Dyal Capital runs so-called GP stakes funds that invest in alternatives firms, provides capital, and helps the firms grow. As part of these deals, the firms share confidential information. When Dyal and Sixth Street struck a deal in 2017, “Dyal assured Sixth Street that it would not become a competitor and that its interests would be aligned,” the Sixth Street lawsuit claimed. “If Dyal had been a competitor, or had even expressed that near-term possibility, Sixth Street would not have allowed Dyal to become a strategic partner.”

Earlier this week, Sixth Street sent a letter to its own investors alerting them to the lawsuit. In the letter, Sixth Street argued that its agreement with Dyal prohibited Dyal from competing with its business.

In the lawsuit, Sixth Street claimed that its investment agreement gives it the right to consent to any changes in ownership.

“These broad consent rights, which could be exercised by Sixth Street in its sole discretion for any reason or no reason at all, were subject only to narrow and limited exceptions,” Sixth Street said. According to the complaint, the exception was only for Dyal to provide liquidity to limited partners, which is not happening under the Dyal-Owl Rock merger.

Among other provisions, Sixth Street claimed its rights were defined so that they cover not only direct sales of ownership interests in the firm by the Dyal fund but all types of transfers, including mergers or other similar transactions involving “Dyal’s upstream affiliates.”

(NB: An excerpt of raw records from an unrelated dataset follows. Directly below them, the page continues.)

lemma keys_drop_monomials:
  "Poly_Mapping.keys (drop_monomials Q p) = {m \<in> Poly_Mapping.keys p. \<not> Q m}"
  by (auto simp: in_keys_iff lookup_drop_monomials split: if_splits)

lemma keys_minus_drop_monomials:
  "Poly_Mapping.keys (p - drop_monomials Q p :: 'a::ab_group_add mpoly) = {m \<in> Poly_Mapping.keys p. Q m}"
  by (auto simp: in_keys_iff lookup_minus lookup_drop_monomials split: if_splits)

text \<open>\<^term>\<open>monomial_ideal n (meets C)\<close> is the ideal generated by the variables x_c, c \<in> C.
  If a and b lie outside it, the parts a', b' of a and b whose monomials avoid C are nonzero, and
  a' b' lies in the ideal although none of its monomials meets C.\<close>
lemma prime_ideal_monomial_ideal_meets:
  "prime_ideal n (monomial_ideal n (meets C) :: 'a::field mpoly set)"
proof -
  let ?P = "monomial_ideal n (meets C) :: 'a mpoly set"
  have ideal: "is_ideal n ?P"
    by (rule is_ideal_monomial_ideal) (auto simp: upclosed_def meets_def keys_add_nat)
  have "1 \<notin> ?P"
    by (simp add: monomial_ideal_def meets_def)
  moreover have "(1 :: 'a mpoly) \<in> polyring n"
    by (simp add: polyring_def)
  moreover have "a \<in> ?P \<or> b \<in> ?P" if ab: "a \<in> polyring n" "b \<in> polyring n" "a * b \<in> ?P" for a b
  proof (rule ccontr)
    assume "\<not> (a \<in> ?P \<or> b \<in> ?P)"
    define a' b' where "a' = drop_monomials (meets C) a" and "b' = drop_monomials (meets C) b"
    have "a' \<noteq> 0" "b' \<noteq> 0"
      using \<open>\<not> (a \<in> ?P \<or> b \<in> ?P)\<close> ab
      unfolding a'_def b'_def monomial_ideal_def
      by (auto simp flip: keys_eq_empty simp: keys_drop_monomials)
    have a'_ring: "a' \<in> polyring n"
      using ab(1) by (auto simp: a'_def polyring_def keys_drop_monomials)
    have "a - a' \<in> ?P" "b - b' \<in> ?P"
      using ab unfolding a'_def b'_def monomial_ideal_def polyring_def
      by (auto simp: keys_minus_drop_monomials)
    then have "a * b - (a - a') * b - a' * (b - b') \<in> ?P"
      using ideal ab a'_ring monomial_ideal_diff
      unfolding is_ideal_def by (metis mult.commute)
    moreover have "a * b - (a - a') * b - a' * (b - b') = a' * b'"
      by (simp add: algebra_simps)
    ultimately have "a' * b' \<in> ?P" by simp
    moreover have "\<not> meets C m" if m: "m \<in> Poly_Mapping.keys (a' * b')" for m
    proof -
      obtain x y where "m = x + y" "x \<in> Poly_Mapping.keys a'" "y \<in> Poly_Mapping.keys b'"
        using m keys_mult[of a' b'] by blast
      then show ?thesis
        by (auto simp: a'_def b'_def keys_drop_monomials meets_def keys_add_nat)
    qed
    ultimately have "Poly_Mapping.keys (a' * b') = {}"
      unfolding monomial_ideal_def by blast
    with \<open>a' \<noteq> 0\<close> \<open>b' \<noteq> 0\<close> show False by simp
  qed
  ultimately show ?thesis
    unfolding prime_ideal_def using ideal by blast
qed

section \<open>Edge ideals and the v-number\<close>

definition contains_edge :: "(nat \<times> nat) set \<Rightarrow> (nat \<Rightarrow>\<^sub>0 nat) \<Rightarrow> bool" where
  "contains_edge E m \<longleftrightarrow> (\<exists>(i, j) \<in> E. i \<in> Poly_Mapping.keys m \<and> j \<in> Poly_Mapping.keys m)"

definition simple_graph_on :: "nat \<Rightarrow> (nat \<times> nat) set \<Rightarrow> bool" where
  "simple_graph_on n E \<longleftrightarrow> (\<forall>(i, j) \<in> E. i \<noteq> j \<and> i \<in> {1..n} \<and> j \<in> {1..n})"

lemma upclosed_contains_edge: "upclosed (contains_edge E)"
  by (auto simp: upclosed_def contains_edge_def keys_add_nat)

lemma Var_mult_Var_in_monomial_ideal:
  assumes "simple_graph_on n E" "(i, j) \<in> E"
  shows "Var i * Var j \<in> (monomial_ideal n (contains_edge E) :: 'a::field mpoly set)"
proof -
  have "Poly_Mapping.keys (Poly_Mapping.single i 1 + Poly_Mapping.single j (1::nat)) = {i, j}"
    by (auto simp: keys_add_nat)
  with assms show ?thesis
    by (auto simp: Var_mult_Var monomial_ideal_def contains_edge_def polyring_def simple_graph_on_def)
qed

lemma monomial_mem_if_contains_edge:
  assumes "is_ideal n J" "{Var i * Var j | i j. (i, j) \<in> E} \<subseteq> (J :: 'a::field mpoly set)"
    and "simple_graph_on n E" "contains_edge E m" "Poly_Mapping.keys m \<subseteq> {1..n}"
  shows "Poly_Mapping.single m c \<in> J"
proof -
  obtain i j where ij: "(i, j) \<in> E" "i \<in> Poly_Mapping.keys m" "j \<in> Poly_Mapping.keys m"
    using assms(4) unfolding contains_edge_def by auto
  have "i \<noteq> j"
    using assms(3) ij(1) unfolding simple_graph_on_def by auto
  define s where "s = Poly_Mapping.single i 1 + Poly_Mapping.single j (1::nat)"
  have m: "m = (m - s) + s"
    using ij \<open>i \<noteq> j\<close> unfolding s_def
    by (intro poly_mapping_eqI) (auto simp: lookup_add lookup_minus lookup_single when_def in_keys_iff)
  then have "Poly_Mapping.keys (m - s) \<subseteq> {1..n}"
    using assms(5) by (metis keys_add_nat le_supE)
  then have "Poly_Mapping.single (m - s) c \<in> polyring n"
    by (rule polyring_single)
  moreover have "Var i * Var j \<in> J"
    using assms(2) ij(1) by blast
  ultimately have "Poly_Mapping.single (m - s) c * (Var i * Var j) \<in> J"
    using assms(1) unfolding is_ideal_def by blast
  then show ?thesis
    by (subst m) (simp add: Var_mult_Var mult_single s_def)
qed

Sixth Street said its investment agreement also “prohibits the direct or indirect transfer — specifically including by mergers or other similar transactions involving Dyal affiliates — of all or part of Dyal’s pecuniary or non-pecuniary interests in Sixth Street, absent Sixth Street’s consent.”

“The merger is so openly antithetical to the spirit of the parties’ partnership that Dyal did not even attempt to reach out to discuss the proposed transaction with Sixth Street, as it has in the past, much less seek Sixth Street’s consent,” the firm said in the lawsuit.

Both Sixth Street and Owl Rock were founded by longtime credit veterans. Alan Waxman, CEO of Sixth Street, co-founded the firm in 2009 as an affiliate of TPG after a long career in special situations at Goldman Sachs. Doug Ostrover, one of the three founders of GSO Capital Partners, KKR’s Marc Lipschultz and Goldman’s Craig Packer launched Owl Rock in 2016. Dyal, owned by Neuberger Berman, created some of the first funds to take stakes in alternative investment managers and advise them on strategic growth opportunities. Private funds that invest in general partners, or GPs, are now an established and lucrative business dominated by Dyal, Blackstone, Goldman, and others.

Dyal and Owl Rock anticipated some of these risks to their merger, which it disclosed in its regulatory filings. “Our funds hold and make investments in partner managers and there may be provisions within our arrangements with partner managers that could affect our business including our ability to undertake follow-on investments,” according to Altimar’s disclosure documents.

In the court documents, Sixth Street said Dyal pitched itself in 2016 as a better alternative to other GP stakes funds, whose sponsors had competing lines of business. To protect itself, Sixth Street said it baked “sweeping protections designed to grant Sixth Street an absolute say over who its investment partners would be in the event that Dyal sought to transfer its investment in Sixth Street.”